Secondo gli ultimi dati resi noti dall’Istat, gli ultimi anni confermano l’aumento dell’instabilità coniugale. Non che ci sia bisogno dell’Istat per rendersi conto del fenomeno in questione, ma i dati resi noti lasciano comunque sgomenti. Prendendo il 2010 ad esempio, si sono registrate ben 88.191 separazioni e 54.160 divorzi. Per capire meglio l’entità del fenomeno in questione, nel 2009 le separazioni sono state 85.945 e i divorzi 54.456. Ciò significa che, rispetto al 1995, le separazioni sono aumentate di oltre il 64% ed i divorzi sono praticamente raddoppiati (+ 101%).
Tali incrementi si sono osservati in un contesto in cui i matrimoni diminuiscono, avendo lasciato sempre più spazio alla piaga delle convivenze…

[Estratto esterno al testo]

text \<open>Rule instances of system L: conclusion and list of premises.
 A conclusion written "Gamma, X |- N" in the paper is a set G containing X.\<close>
inductive Lrule :: "(('n, 'f) trm \<times> ('n, 'f) trm) set \<Rightarrow> 'f option
    \<Rightarrow> ('n, 'f) sequent \<Rightarrow> ('n, 'f) sequent list \<Rightarrow> bool"
  for R :: "(('n, 'f) trm \<times> ('n, 'f) trm) set" and acs :: "'f option" where
  L_r: "rderiv R acs G M \<Longrightarrow> Lrule R acs (G, M) []"
| L_lp: "Pair M N \<in> G \<Longrightarrow> Lrule R acs (G, T) [(G \<union> {M, N}, T)]"
| L_le: "Enc M K \<in> G \<Longrightarrow> rderiv R acs G K \<Longrightarrow> Lrule R acs (G, N) [(G \<union> {M, K}, N)]"
| L_sign: "Sign M K \<in> G \<Longrightarrow> Pub L \<in> G \<Longrightarrow> ac_eq acs K L
           \<Longrightarrow> Lrule R acs (G, N) [(G \<union> {M}, N)]"
| L_blind1: "Blind M K \<in> G \<Longrightarrow> rderiv R acs G K \<Longrightarrow> Lrule R acs (G, N) [(G \<union> {M, K}, N)]"
| L_blind2: "Sign (Blind M Rr) K \<in> G \<Longrightarrow> rderiv R acs G Rr
           \<Longrightarrow> Lrule R acs (G, N) [(G \<union> {Sign M K, Rr}, N)]"
| L_ls: "guarded A \<Longrightarrow> (\<exists>P\<in>G \<union> {M}. A \<in> subterms P) \<Longrightarrow> rderiv R acs G A
           \<Longrightarrow> Lrule R acs (G, M) [(G \<union> {A}, M)]"

definition is_sequent :: "(('n, 'f) trm \<times> ('n, 'f) trm) set \<Rightarrow> 'f option \<Rightarrow> ('n, 'f) sequent \<Rightarrow> bool" where
  "is_sequent R acs s \<longleftrightarrow> (\<forall>t\<in>fst s \<union> {snd s}. ground t \<and> normal R acs t)"

datatype 's dtree = DNode 's "'s dtree list"

fun root :: "'s dtree \<Rightarrow> 's" where
  "root (DNode s ts) = s"

fun nodes :: "'s dtree \<Rightarrow> 's set" where
  "nodes (DNode s ts) = insert s (\<Union>t\<in>set ts. nodes t)"

fun Lderivation :: "(('n, 'f) trm \<times> ('n, 'f) trm) set \<Rightarrow> 'f option
    \<Rightarrow> ('n, 'f) sequent dtree \<Rightarrow> bool" where
  "Lderivation R acs (DNode s ts) \<longleftrightarrow>
     is_sequent R acs s \<and> Lrule R acs s (map root ts) \<and> (\<forall>t\<in>set ts. Lderivation R acs t)"

end

theory Submission
  imports Defs
begin

text \<open>Reading a derivation from the root upwards, every rule of L keeps the right-hand
  side and adds to the left-hand side only subterms of terms already present, except
  blind2, which adds Sign M K in the presence of Sign (Blind M R) K; there M and K are
  proper subterms, so Sign M K lies in sst. Since St is closed under subterms, it is an
  invariant of the derivation. The argument is purely syntactic: no property of E is used.\<close>

lemma subterms_refl [simp]: "t \<in> subterms t"
  by (cases t) auto

lemma subterms_trans: "s \<in> subterms t \<Longrightarrow> u \<in> subterms s \<Longrightarrow> u \<in> subterms t"
  by (induction t rule: subterms.induct) auto

lemma size_subterms_le: "s \<in> subterms t \<Longrightarrow> size s \<le> size t"
proof (induction t rule: subterms.induct)
  case (8 f ts)
  show ?case
  proof (cases "s = Fn f ts")
    case False
    then obtain t where "t \<in> set ts" and "s \<in> subterms t" using "8.prems" by auto
    then have "size s \<le> size t" and "size t \<le> size_list size ts"
      using "8.IH" by (auto intro: size_list_estimation')
    then show ?thesis by simp
  qed simp
qed auto

lemma size_proper_subterm_less: "s \<in> subterms t \<Longrightarrow> s \<noteq> t \<Longrightarrow> size s < size t"
proof (induction t rule: subterms.induct)
  case (8 f ts)
  then obtain t where "t \<in> set ts" and "s \<in> subterms t" by auto
  then have "size s \<le> size t" and "size t \<le> size_list size ts"
    by (auto intro: size_subterms_le size_list_estimation')
  then show ?case by simp
qed (auto dest: size_subterms_le)

lemma pst_subterms_closed: "s \<in> pst D \<Longrightarrow> u \<in> subterms s \<Longrightarrow> u \<in> pst D"
proof -
  assume "s \<in> pst D" and u: "u \<in> subterms s"
  then obtain P where "P \<in> D" and s: "s \<in> subterms P" "s \<noteq> P"
    unfolding pst_def by blast
  have "size u < size P"
    using size_subterms_le[OF u] size_proper_subterm_less[OF s] by simp
  then show "u \<in> pst D"
    unfolding pst_def using \<open>P \<in> D\<close> subterms_trans[OF s(1) u] by blast
qed

lemma St_subterms_closed:
  assumes "t \<in> St D" and "s \<in> subterms t"
  shows "s \<in> St D"
proof -
  have "s \<in> D \<union> pst D \<union> sst D" if "t \<in> D"
    using that assms(2) unfolding pst_def by blast
  moreover have "s \<in> pst D" if "t \<in> pst D"
    using that assms(2) by (rule pst_subterms_closed)
  moreover have "s \<in> pst D \<union> sst D" if "t \<in> sst D"
    using that assms(2) unfolding sst_def by (auto dest: pst_subterms_closed)
  ultimately show ?thesis
    using assms(1) unfolding St_def by blast
qed

lemma St_Sign_args_pst:
  assumes "Sign M K \<in> St D"
  shows "M \<in> pst D \<and> K \<in> pst D"
  using assms unfolding St_def
proof (elim UnE)
  assume "Sign M K \<in> D"
  then show ?thesis unfolding pst_def by force
next
  assume "Sign M K \<in> pst D"
  then show ?thesis by (simp add: pst_subterms_closed)
qed (auto simp: sst_def)

lemma St_Sign_Blind:
  assumes "Sign (Blind M R) K \<in> St D"
  shows "Sign M K \<in> St D" and "R \<in> St D"
proof -
  have "Blind M R \<in> pst D" and K: "K \<in> pst D"
    using St_Sign_args_pst[OF assms] by simp_all
  then have "M \<in> pst D" and "R \<in> pst D"
    by (simp_all add: pst_subterms_closed)
  with K show "Sign M K \<in> St D" and "R \<in> St D"
    unfolding St_def sst_def by auto
qed

lemma Lrule_premise_St:
  assumes "Lrule R acs (G, M) ps" and "G \<union> {M} \<subseteq> St D" and "(G', M') \<in> set ps"
  shows "G' \<union> {M'} \<subseteq> St D"
proof -
  have sub: "s \<in> St D" if "P \<in> G \<union> {M}" and "s \<in> subterms P" for P s
    using that assms(2) St_subterms_closed by blast
  from assms(1) show ?thesis
  proof cases
    case L_r
    then show ?thesis using assms(3) by simp
  next
    case (L_lp N1 N2)
    then show ?thesis using assms(2,3) sub[of "Pair N1 N2"] by auto
  next
    case (L_le N K)
    then show ?thesis using assms(2,3) sub[of "Enc N K"] by auto
  next
    case (L_sign N K L)
    then show ?thesis using assms(2,3) sub[of "Sign N K"] by auto
  next
    case (L_blind1 N K)
    then show ?thesis using assms(2,3) sub[of "Blind N K"] by auto
  next
    case (L_blind2 N Rr K)
    then show ?thesis using assms(2,3) St_Sign_Blind[of N Rr K D] by auto
  next
    case (L_ls A)
    then show ?thesis using assms(2,3) sub by auto
  qed
qed

lemma Lderivation_nodes_St:
  assumes "Lderivation R acs T" and "fst (root T) \<union> {snd (root T)} \<subseteq> St D"
  shows "\<forall>(G, M) \<in> nodes T. G \<union> {M} \<subseteq> St D"
  using assms
proof (induction T)
  case (DNode s ts)
  obtain G M where s: "s = (G, M)" by fastforce
  have rule: "Lrule R acs (G, M) (map root ts)" and root: "G \<union> {M} \<subseteq> St D"
    using DNode.prems s by simp_all
  have "\<forall>(G', M') \<in> nodes t. G' \<union> {M'} \<subseteq> St D" if t: "t \<in> set ts" for t
  proof (rule DNode.IH[OF t])
    show "Lderivation R acs t" using DNode.prems(1) t by simp
    have "(fst (root t), snd (root t)) \<in> set (map root ts)" using t by simp
    then show "fst (root t) \<union> {snd (root t)} \<subseteq> St D"
      by (rule Lrule_premise_St[OF rule root])
  qed
  with root s show ?case by auto
qed

theorem lemma5:
  fixes R :: "(('n, 'f) trm \<times> ('n, 'f) trm) set"
    and acs :: "'f option"
    and \<Pi> :: "('n, 'f) sequent dtree"
    and \<Gamma> :: "('n, 'f) trm set" and M :: "('n, 'f) trm"
  assumes "good_theory R acs"
    and "Lderivation R acs \<Pi>"
    and "root \<Pi> = (\<Gamma>, M)"
  shows "\<forall>(\<Gamma>', M') \<in> nodes \<Pi>. \<Gamma>' \<union> {M'} \<subseteq> St (\<Gamma> \<union> {M})"
proof (rule Lderivation_nodes_St[OF assms(2)])
  have "\<Gamma> \<union> {M} \<subseteq> St (\<Gamma> \<union> {M})"
    unfolding St_def by (rule Un_upper1[THEN subset_trans[OF _ Un_upper1]])
  then show "fst (root \<Pi>) \<union> {snd (root \<Pi>)} \<subseteq> St (\<Gamma> \<union> {M})"
    using assms(3) by simp
qed

end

Ora, questi dati, facilmente riscontrabili nella vita di tutti i giorni (le persone che decidono di sposarsi sono come mosche bianche e il fallimento di molti matrimoni e convivenze non fa più notizia, anzi: oggi c’è di che stupirsi quando si scoprono matrimoni che durano da decenni!...questo per dire che livelli di profondità si è riusciti a toccare), questi dati, dicevo, non possono che far riflettere a maggior ragione se si costata che il fallimento del matrimonio è spesso considerato come un fallimento di una vita. In altre parole le conseguenze sono devastanti: per i diretti interessati in primis (i coniugi), ma anche e soprattutto per eventuali figli, costretti a subire un dramma familiare loro malgrado.
Ciò che qui intendo portare a riflessione è la causa scatenante del fenomeno dell’instabilità familiare e la motivazione che induce tanti giovani a scegliere la forma della convivenza.
Sgombrerei subito il campo dalla solita motivazione per giustificare la scelta di convivere, piuttosto che sposarsi: proprio perché tanti sono i matrimoni che falliscono, è bene cimentarsi in un cosiddetto “periodo di prova” … come se il fatto di scoprire poi di non essere fatti l’uno per l’altra non sia gravido di conseguenze infelici e dolorose! Lasciamo questa stupida motivazione che altro non è che una ammissione di colpa, e di colpa grave (si “provano” cioè si usano le cose, mai le persone…) e troviamo il coraggio di trovare la vera argomentazione.
E non è poi così difficile arrivare al cuore del problema: oggi si è perso il significato dell’amore; in una società in cui tutto e il contrario di tutto viene messo sullo stesso piano a causa di una cultura nichilista e relativista in cui ognuno crede quello che gli pare, si sono smarriti i concetti essenziali dell’esistenza: non si sa più cosa sia la verità, non si sa più cosa significhi libertà, non si sa più cosa voglia dire “ti amo”…
L’amore, scriveva Fulton J. Sheen, consiste principalmente nella volontà, non nelle emozioni o nelle ghiandole… Il piacere associato all’amore, ovvero ciò che viene chiamato sesso, è la vaniglia del dolce: la sua funzione è di farci amare il dolce, non di farcelo ignorare. La più grande illusione degli amanti è di credere che l’intensità della loro attrazione sessuale sia la garanzia della perpetuità del loro amore. È a causa di questa incapacità di distinguere tra il ghiandolare e lo spirituale – ovvero tra il sesso, cha abbiamo in comune con gli animali, e l’amore, che abbiamo in comune con Dio- che i matrimoni sono così illusori. Ciò che molti amano non è una persona, bensì l’esperienza di essere innamorati. Non appena le ghiandole cessano di reagire con il loro originario vigore, gli “innamorati” che hanno identificato l’emotività con l’amore asseriscono di non essere più innamorati l’uno dell’altra. In tal caso, essi non hanno mai veramente amato l’altra persona: hanno amato soltanto di essere amati, il che rappresenta la forma più alta di egoismo.
Abbiamo così trovato la radice del male dell’amore (e, per inciso, di tutti i mali): l’egoismo. E quanto più si nega la fede nel Giudizio Divino, in una vita futura, nel paradiso e nell’inferno, nonché in un ordine morale, tanto più saldamente l’ego si afferma sovrano come la fonte della propria moralità. In altre parole, ogni persona si erge a giudice di se stessa, così sprofondando nell’oscurità più fitta di una vita disperata perché sempre più insoddisfatta e senza senso.